Heading into the new year and offseason workouts, BuckeyeNation will look at some holes left by the departing Ohio State veterans and potential candidates to fill them.
Who: Within the Ohio State locker room or around the Big Ten, on the field with prolific production or in the weight room with his fanatical work ethic, John Simon's reputation and legendary status was officially secured during a senior season largely played at less than full strength. Battling various ailments without issuing a single complaint, the defensive end still finished the year on top of the conference in sacks. A two-time captain, Simon willed the Buckeyes through a series of other injuries that tested the defense and ultimately helped them finish unbeaten in the face of NCAA sanctions that prevented them from playing in the league title game or a bowl. Replacing everything Simon provided certainly will be no small task, but he's at least done all he could to provide a blueprint for those players coming behind him.
By the numbers: A knee injury suffered in the Wisconsin game ultimately proved too much for Simon to recover from and robbed him of one last outing in a rivalry showdown with Michigan, but the senior certainly went out on top against the Badgers. Simon's four sacks tied the single-game record at Ohio State, and they also helped him climb up to No. 7 in school history in both sacks (20) and tackles for loss (43) -- numbers that potentially could have been higher with an extra game or two.
Job description: No pressure or anything, but Simon was unquestionably the heart and soul of the perfect Buckeyes, and filling his leadership void will take more than just a strong voice. Much of Simon's work was done by example with his tireless search for improvement, and it will be imperative for veterans to step up and provide the kind of guidance he and fellow captain Zach Boren provided.
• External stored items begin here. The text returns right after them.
text \<open>The truncation level c and the slack eta are fixed first;
  then all three terms of early_stop_bound are below e/3 once log(1/(rho alpha)) is large.\<close>

lemma early_detection_small:
  fixes \<rho> \<epsilon> e :: real and k :: nat and r :: "nat \<Rightarrow> real"
  assumes rho: "0 < \<rho>" "\<rho> < 1" and eps: "0 < \<epsilon>" "\<epsilon> < 1"
    and Dp: "0 < KL_div \<mu> f1 f0" and e: "0 < e"
  shows "\<exists>\<alpha>0>0. \<forall>\<alpha> \<tau>. 0 < \<alpha> \<longrightarrow> \<alpha> < \<alpha>0 \<longrightarrow> \<tau> \<in> Delta \<mu> f0 f1 L \<rho> r \<alpha> \<longrightarrow>
     measure (model \<mu> f0 f1 L (return_pmf k) r)
       {p \<in> space (model \<mu> f0 f1 L (return_pmf k) r).
          enat k \<le> \<tau> (snd p) \<and>
          (\<exists>n. \<tau> (snd p) = enat n \<and>
               real n < real k + (1 - \<epsilon>) *
                 (ln (1 / (\<rho> * \<alpha>)) / (real L * KL_div \<mu> f1 f0 + \<bar>ln (1 - \<rho>)\<bar>)))} \<le> e"
proof -
  define D where "D = KL_div \<mu> f1 f0"
  define Q where "Q = real L * D + \<bar>ln (1 - \<rho>)\<bar>"
  have Q: "0 < Q" unfolding Q_def D_def using Dp L by (simp add: add_pos_nonneg)
  define \<eta> where "\<eta> = \<epsilon> * Q / (2 * real L)"
  have eta: "0 < \<eta>" unfolding \<eta>_def using eps Q L by simp
  have etaL: "\<eta> * real L = \<epsilon> * Q / 2" unfolding \<eta>_def using L by (simp add: field_simps)
  obtain c where c: "0 < c" and overshoot: "(\<integral>x. max 0 (\<bar>ln (lr x)\<bar> - c) \<partial>\<nu>1) \<le> min (\<eta> / 4) (e * \<eta> / 6)"
    using overshoot_small[OF llr_integrable, of "min (\<eta> / 4) (e * \<eta> / 6)"] eta e by auto
  define M0 where "M0 = 192 * c\<^sup>2 / (\<eta>\<^sup>2 * e)"
  define K0 where "K0 = (D + \<eta>) * real L + real (Suc k) * \<bar>ln (1 - \<rho>)\<bar> - 2 * ln \<rho>"
  define As where "As = max 1 (max (2 * (K0 - ln (e / 3)) / \<epsilon>) (M0 * Q / (1 - \<epsilon>)))"
  show ?thesis
  proof (intro exI[of _ "exp (- As) / \<rho>"] conjI allI impI)
    show "0 < exp (- As) / \<rho>" using rho by simp
    fix \<alpha> \<tau> assume a: "0 < \<alpha>" "\<alpha> < exp (- As) / \<rho>" and tD: "\<tau> \<in> Delta \<mu> f0 f1 L \<rho> r \<alpha>"
    define A where "A = ln (1 / (\<rho> * \<alpha>))"
    have "As < A" unfolding A_def by (rule ln_inverse_gt[OF rho(1) a])
    then have A1: "1 < A" and A2: "2 * (K0 - ln (e / 3)) / \<epsilon> < A" and A3: "M0 * Q / (1 - \<epsilon>) < A"
      unfolding As_def by auto
    define n0 where "n0 = nat \<lceil>(1 - \<epsilon>) * (A / Q)\<rceil>"
    have n0_ge: "(1 - \<epsilon>) * (A / Q) \<le> real n0" and n0_le: "real n0 \<le> (1 - \<epsilon>) * (A / Q) + 1"
      and n0_pos: "0 < n0" and M0_le: "M0 \<le> real (L * n0)"
      using horizon_bounds[OF Q eps _ L A3] A1 unfolding n0_def by auto
    from tD have st: "stopping_time (obs_filtration \<mu> L) \<tau>"
      and false_alarm: "measure (model \<mu> f0 f1 L (geometric_pmf \<rho>) r)
       {p \<in> space (model \<mu> f0 f1 L (geometric_pmf \<rho>) r). \<tau> (snd p) < enat (hd (fst p))} \<le> \<alpha>"
      by (auto simp: Delta_def)
    have exp_term: "exp ((D + \<eta>) * real (L * n0)) * (\<alpha> / ((1 - \<rho>) ^ (k + n0) * \<rho>)) \<le> e / 3"
    proof -
      have "exp ((D + \<eta>) * real (L * n0)) * (\<alpha> / ((1 - \<rho>) ^ (k + n0) * \<rho>))
          \<le> exp (- \<epsilon> * A / 2 + (D + \<eta>) * real L + real (Suc k) * \<bar>ln (1 - \<rho>)\<bar> - 2 * ln \<rho>)"
        unfolding A_def
        by (rule false_alarm_exponent[OF rho a(1) eps])
          (use Dp Q etaL A1 n0_le in \<open>simp_all add: A_def D_def Q_def\<close>)
      also have "\<dots> = exp (- \<epsilon> * A / 2 + K0)" by (simp add: K0_def)
      also have "\<dots> \<le> exp (ln (e / 3))" using A2 eps by (simp add: field_simps)
      finally show ?thesis using e by simp
    qed
    have lln_term: "64 * c\<^sup>2 / (\<eta>\<^sup>2 * real (L * n0)) \<le> e / 3"
    proof -
      have "64 * c\<^sup>2 / (\<eta>\<^sup>2 * real (L * n0)) \<le> 64 * c\<^sup>2 / (\<eta>\<^sup>2 * M0)"
      proof (rule divide_left_mono)
        have M0_pos: "0 < M0" unfolding M0_def using c eta e by simp
        then have "0 < real (L * n0)" using M0_le by linarith
        then show "0 < \<eta>\<^sup>2 * real (L * n0) * (\<eta>\<^sup>2 * M0)" using M0_pos eta by simp
        show "\<eta>\<^sup>2 * M0 \<le> \<eta>\<^sup>2 * real (L * n0)" using M0_le by (simp add: mult_left_mono)
      qed simp
      also have "\<dots> = e / 3" unfolding M0_def using eta c e by (simp add: field_simps)
      finally show ?thesis .
    qed
    have overshoot_term: "2 * (\<integral>x. max 0 (\<bar>ln (lr x)\<bar> - c) \<partial>\<nu>1) / \<eta> \<le> e / 3"
      using overshoot eta by (simp add: field_simps)
    have "measure (model \<mu> f0 f1 L (return_pmf k) r)
       {p \<in> space (model \<mu> f0 f1 L (return_pmf k) r).
          enat k \<le> \<tau> (snd p) \<and> (\<exists>n. \<tau> (snd p) = enat n \<and> real n < real k + (1 - \<epsilon>) * (A / Q))}
      \<le> measure (model \<mu> f0 f1 L (return_pmf k) r) {p \<in> space PS. \<tau> (snd p) < enat (k + n0)}"
    proof (rule stop_before_measure_mono[OF st])
      fix n assume "real n < real k + (1 - \<epsilon>) * (A / Q)"
      then have "real n < real (k + n0)" using n0_ge by simp
      then show "n < k + n0" by (simp only: of_nat_less_iff)
    qed
    also have "\<dots> \<le> exp ((D + \<eta>) * real (L * n0)) * (\<alpha> / ((1 - \<rho>) ^ (k + n0) * \<rho>)) +
        (64 * c\<^sup>2 / (\<eta>\<^sup>2 * real (L * n0)) + 2 * (\<integral>x. max 0 (\<bar>ln (lr x)\<bar> - c) \<partial>\<nu>1) / \<eta>)"
      using early_stop_bound[OF st _ rho false_alarm c eta, where k=k and N="k + n0"] n0_pos Dp overshoot
      by (simp add: D_def)
    also have "\<dots> \<le> e" using exp_term lln_term overshoot_term by linarith
    finally show "measure (model \<mu> f0 f1 L (return_pmf k) r)
       {p \<in> space (model \<mu> f0 f1 L (return_pmf k) r).
          enat k \<le> \<tau> (snd p) \<and>
          (\<exists>n. \<tau> (snd p) = enat n \<and>
               real n < real k + (1 - \<epsilon>) *
                 (ln (1 / (\<rho> * \<alpha>)) / (real L * KL_div \<mu> f1 f0 + \<bar>ln (1 - \<rho>)\<bar>)))} \<le> e"
      by (simp add: A_def Q_def D_def)
  qed
qed

end

lemma SUP_tendsto_zero_at_right:
  fixes F :: "real \<Rightarrow> 'a \<Rightarrow> real"
  assumes ne: "\<And>\<alpha>. 0 < \<alpha> \<Longrightarrow> \<Delta> \<alpha> \<noteq> {}" and nonneg: "\<And>\<alpha> \<tau>. 0 \<le> F \<alpha> \<tau>"
    and small: "\<And>e. 0 < e \<Longrightarrow> \<exists>\<alpha>0>0. \<forall>\<alpha> \<tau>. 0 < \<alpha> \<longrightarrow> \<alpha> < \<alpha>0 \<longrightarrow> \<tau> \<in> \<Delta> \<alpha> \<longrightarrow> F \<alpha> \<tau> \<le> e"
  shows "((\<lambda>\<alpha>. SUP \<tau>\<in>\<Delta> \<alpha>. F \<alpha> \<tau>) \<longlongrightarrow> 0) (at_right 0)"
proof (rule tendstoI)
  fix e :: real assume e: "0 < e"
  obtain \<alpha>0 where a0: "0 < \<alpha>0" and bnd: "\<And>\<alpha> \<tau>. 0 < \<alpha> \<Longrightarrow> \<alpha> < \<alpha>0 \<Longrightarrow> \<tau> \<in> \<Delta> \<alpha> \<Longrightarrow> F \<alpha> \<tau> \<le> e / 2"
    using small[of "e / 2"] e by auto
  show "eventually (\<lambda>\<alpha>. dist (SUP \<tau>\<in>\<Delta> \<alpha>. F \<alpha> \<tau>) 0 < e) (at_right 0)"
    unfolding eventually_at_right_field
  proof (intro exI[of _ \<alpha>0] conjI allI impI a0)
    fix \<alpha> :: real assume a: "0 < \<alpha>" "\<alpha> < \<alpha>0"
    obtain \<tau>0 where \<tau>0: "\<tau>0 \<in> \<Delta> \<alpha>" using ne[OF a(1)] by blast
    have le: "(SUP \<tau>\<in>\<Delta> \<alpha>. F \<alpha> \<tau>) \<le> e / 2"
      using ne bnd a by (intro cSUP_least) auto
    have "0 \<le> F \<alpha> \<tau>0" by (rule nonneg)
    also have "\<dots> \<le> (SUP \<tau>\<in>\<Delta> \<alpha>. F \<alpha> \<tau>)"
      using bnd a by (intro cSUP_upper[OF \<tau>0] bdd_aboveI[of _ "e / 2"]) auto
    finally show "dist (SUP \<tau>\<in>\<Delta> \<alpha>. F \<alpha> \<tau>) 0 < e"
      using le e by (simp add: dist_real_def)
  qed
qed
Simon certainly got things done on Saturdays as well, and the Buckeyes will need his replacement up front to show the same kind of strength he showed in overpowering blockers while also flashing the kind of speed he possessed chasing down quarterbacks in the backfield. Ability to play both inside and out is a plus.
Top candidates: The Buckeyes didn't panic when they found out Simon wouldn't be able to play against the Wolverines, and Adolphus Washington made it clear where some of that confidence was coming from. The true freshman turned in one of the most memorable plays of the final win of the year with his bullrush past All-Big Ten tackle Taylor Lewan for a sack and forced fumble, one more example of the bright future ahead of the highly touted recruit a year ago. Like Simon, Washington has the combination of size and quickness to play different spots up front, and he's likely going to be tough to knock out of the lineup when the chance to claim that job permanently presents itself in the spring.
One to watch: The bumper crop of freshmen combined with the hold the seniors had on jobs ahead of him kept Steve Miller from really emerging as a sophomore, but the chance to compete for more work is coming for him heading into his third season with the program. Miller left spring a year ago as the backup to Simon, but he only appeared in seven games and finished with just one sack. At 6-foot-3, 255 pounds and another year ahead of him to build his body and improve his technique, Miller should be able to put himself in position to give the Buckeyes much more than that next season.